1. The Introduction section should not contain information what was observed during the presented experiments. Such information should be given in the Discussion/Conclusion section.

2. The Results section is very long and confusing, since it contains a lot of information that should be given in the Methods and materials or Discussion sections. The Results section should refer only to the obtained outcomes, without discussing them or explaining the used methods. Therefore, the Result section should be re-written.

3. In the Result section the Authors should also present the percentage of open arm entries.

4. Line 120 – results related only to open arms (not closed arms) were presented.

5. Line 125 – Fig 1B presents a significant decrease in time spent in the open arms only vs. WT-ELS group.

6. Line 209 – Differences between groups are not indicated in Fig. 4A.

7. In the Introduction or Discussion section the Authors should explain why the tTA control group was used.

 

 


Author Response

Reviewer 3

Having read the manuscript entitled “Early life stress and high FKBP5 interact to increase anxiety-like symptoms through altered AKT signaling in the dorsal hippocampus” I have to admit that the topic is quite interesting. However, I have a few comments:

1. The Introduction section should not contain information what was observed during the presented experiments. Such information should be given in the Discussion/Conclusion section.

We have removed extraneous information describing the current study from the introduction. However, we have maintained the final paragraph of the introduction as a summary of the current study, as is typical in scientific publications.

2. The Results section is very long and confusing, since it contains a lot of information that should be given in the Methods and materials or Discussion sections. The Results section should refer only to the obtained outcomes, without discussing them or explaining the used methods. Therefore, the Result section should be re-written.

Thank you for your comment.
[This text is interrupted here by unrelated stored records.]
(* Let $G$ and $H$ be two connected graphs with $\mathrm{toi}(G)=3$ and $\mathrm{toi}(H)=2$. Then $\mathrm{toi}(G \square H) \geq 3$. Furthermore, equality holds when $G=K_3$ and $H=K_2$. In general, if $H$ is not isomorphic to $K_2$, then $\mathrm{toi}(G \square H) \geq 4$.
   Context: $\mathrm{toi}(G)$ is the maximum $t$ such that $G$ contains a totally odd strong immersion of $K_t$ (an injective map of $V(K_t)$ into $V(G)$ with pairwise edge-disjoint odd paths joining each pair of terminals, no terminal being an interior vertex of any path). $G\square H$ is the Cartesian product: vertex set $V(G)\times V(H)$, with $(g_1,h_1)\sim(g_2,h_2)$ iff ($g_1=g_2$ and $h_1h_2\in E(H)$) or ($h_1=h_2$ and $g_1g_2\in E(G)$). *)

theory Defs
  imports Main
begin

type_synonym 'a graph = "'a set \<times> 'a set set"

definition verts :: "'a graph \<Rightarrow> 'a set" where "verts G = fst G"
definition edges :: "'a graph \<Rightarrow> 'a set set" where "edges G = snd G"

definition wf_graph :: "'a graph \<Rightarrow> bool" where
  "wf_graph G \<longleftrightarrow> finite (verts G) \<and>
     (\<forall>e\<in>edges G. e \<subseteq> verts G \<and> card e = 2)"

definition is_path :: "'a graph \<Rightarrow> 'a list \<Rightarrow> bool" where
  "is_path G p \<longleftrightarrow> p \<noteq> [] \<and> distinct p \<and> set p \<subseteq> verts G \<and>
     (\<forall>i. Suc i < length p \<longrightarrow> {p ! i, p ! Suc i} \<in> edges G)"

definition path_edges :: "'a list \<Rightarrow> 'a set set" where
  "path_edges p = {{p ! i, p ! Suc i} | i. Suc i < length p}"
lemma proj_eqI:
  assumes V: "closed_subspace V" and x: "x \<in> H" and v: "v \<in> V"
    and orth: "\<And>w. w \<in> V \<Longrightarrow> ip (fdiff x v) w = 0"
  shows "proj ip V x = v"
  unfolding proj_def
proof (rule the_equality)
  fix u assume u: "u \<in> V \<and> (\<forall>w\<in>V. ip (fdiff x u) w = 0)"
  have uH: "u \<in> H" and vH: "v \<in> H"
    using u v closed_subspaceD(1)[OF V] by auto
  have vu: "fdiff v u \<in> V"
    using closed_subspace_diff[OF V v] u by blast
  then have "ip (fdiff x u) (fdiff v u) - ip (fdiff x v) (fdiff v u) = 0"
    using u orth by simp
  moreover have "fdiff (fdiff x u) (fdiff x v) = fdiff v u"
    by (rule ext) simp
  ultimately have "ip (fdiff v u) (fdiff v u) = 0"
    using ip_diff_left[OF H_diff[OF x uH] H_diff[OF x vH], of "fdiff v u"] H_diff[OF vH uH] by simp
  then have "fdiff v u = fzero"
    using ip_self_eq_0D H_diff[OF vH uH] by blast
  then show "u = v"
    by (metis (no_types, lifting) ext eq_iff_diff_eq_0)
qed (use v orth in blast)

lemma
  assumes V: "closed_subspace V" and x: "x \<in> H"
  shows proj_in: "proj ip V x \<in> V"
    and proj_orthogonal: "w \<in> V \<Longrightarrow> ip (fdiff x (proj ip V x)) w = 0"
proof -
  obtain v where v: "v \<in> V" "\<And>w. w \<in> V \<Longrightarrow> nrm (fdiff x v) \<le> nrm (fdiff x w)"
    using nearest_point_exists[OF V x] by blast
  then have orth: "\<And>w. w \<in> V \<Longrightarrow> ip (fdiff x v) w = 0"
    using nearest_point_orthogonal[OF V x] by blast
  then have "proj ip V x = v"
    using proj_eqI[OF V x v(1)] by blast
  then show "proj ip V x \<in> V" "w \<in> V \<Longrightarrow> ip (fdiff x (proj ip V x)) w = 0"
    using v(1) orth by simp_all
qed

lemma polyfun_notin_kernel_closure:
  fixes L :: "complex poly \<Rightarrow> complex"
  assumes add: "\<And>p q. L (p + q) = L p + L q"
    and bounded: "\<And>p. cmod (L p) \<le> C * nrm (polyfun Om p)" and "L p1 = 1"
  shows "polyfun Om p1 \<notin> hclosure H ip {polyfun Om q | q. L q = 0}"
proof
  assume "polyfun Om p1 \<in> hclosure H ip {polyfun Om q | q. L q = 0}"
  moreover have "1 / (max C 0 + 1) > 0"
    by (simp add: add_nonneg_pos)
  ultimately obtain q where q: "L q = 0" "nrm (fdiff (polyfun Om p1) (polyfun Om q)) < 1 / (max C 0 + 1)"
    unfolding hclosure_def by blast
  have "L (p1 - q) = 1"
    using add[of "p1 - q" q] q(1) \<open>L p1 = 1\<close> by simp
  then have "1 \<le> C * nrm (polyfun Om (p1 - q))"
    using bounded[of "p1 - q"] by simp
  also have "\<dots> \<le> (max C 0 + 1) * nrm (polyfun Om (p1 - q))"
    by (intro mult_right_mono) auto
  also have "\<dots> < 1"
    using q(2) by (simp add: polyfun_diff field_simps add_nonneg_pos)
  finally show False
    by simp
qed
We have revised the results, methods, and discussion sections to improve clarity and readability by removing and reordering content. 

3. In the Result section the Authors should also present the percentage of open arm entries.

Thank you for pointing this out. We have added the percentage of open arm entries into the Supplementary File, which is now also described in the results.

4. Line 120 – results related only to open arms (not closed arms) were presented.

We have added the data for closed arm time into Table 1.

5. Line 125 – Fig 1B presents a significant decrease in time spent in the open arms only vs. WT-ELS group.

We thank the reviewer for this comment. We have included the statistical analysis in Table 1 and addressed this observation in the figure by including the non-significant labeling and explaining it in the “Results”

6. Line 209 – Differences between groups are not indicated in Fig. 4A.

Thank you for your comment. The significance was by ELS overall by two-way ANOVA. We think adding this into the graph may increase confusion. Please advise if there is a specific way you recommend denoting this, that we would be happy to include.

7. In the Introduction or Discussion section the Authors should explain why the tTA control group was used.

Thank you for letting us know that this would be helpful. The tTA group is an essential control because it is a part of the background of the rTgFKBP5 mice, which is made from crossing an FVB-FKBP5 mouse with a CamKIIα-tTA mouse. We have now included additional information in the Results “We used both the WT and tTA controls to ensure any effect of high FKBP51 was independent of either background” and Discussion “We used a unique mouse model overexpressing FKBP5 (rTgFKBP5) and two control groups (WT and tTA) to address our hypothesis. The tTA control group express the tetracycline-off transactivator driven by the CAMKII promoter which helped us distinguish rTgFKBP5 mice from any phenotypical and biochemical difference caused by this construct.”

 

 


Round 2

Reviewer 1 Report

In the revised manuscript authors have accomplished all the reviewer's concerns. Still present some English minor spelling mistakes. Overall, the manuscript has noticeably improved and I recommend now publication. 


Reviewer 2 Report

The authors have addressed my comments

Reviewer 3 Report

All my comments have been addressed.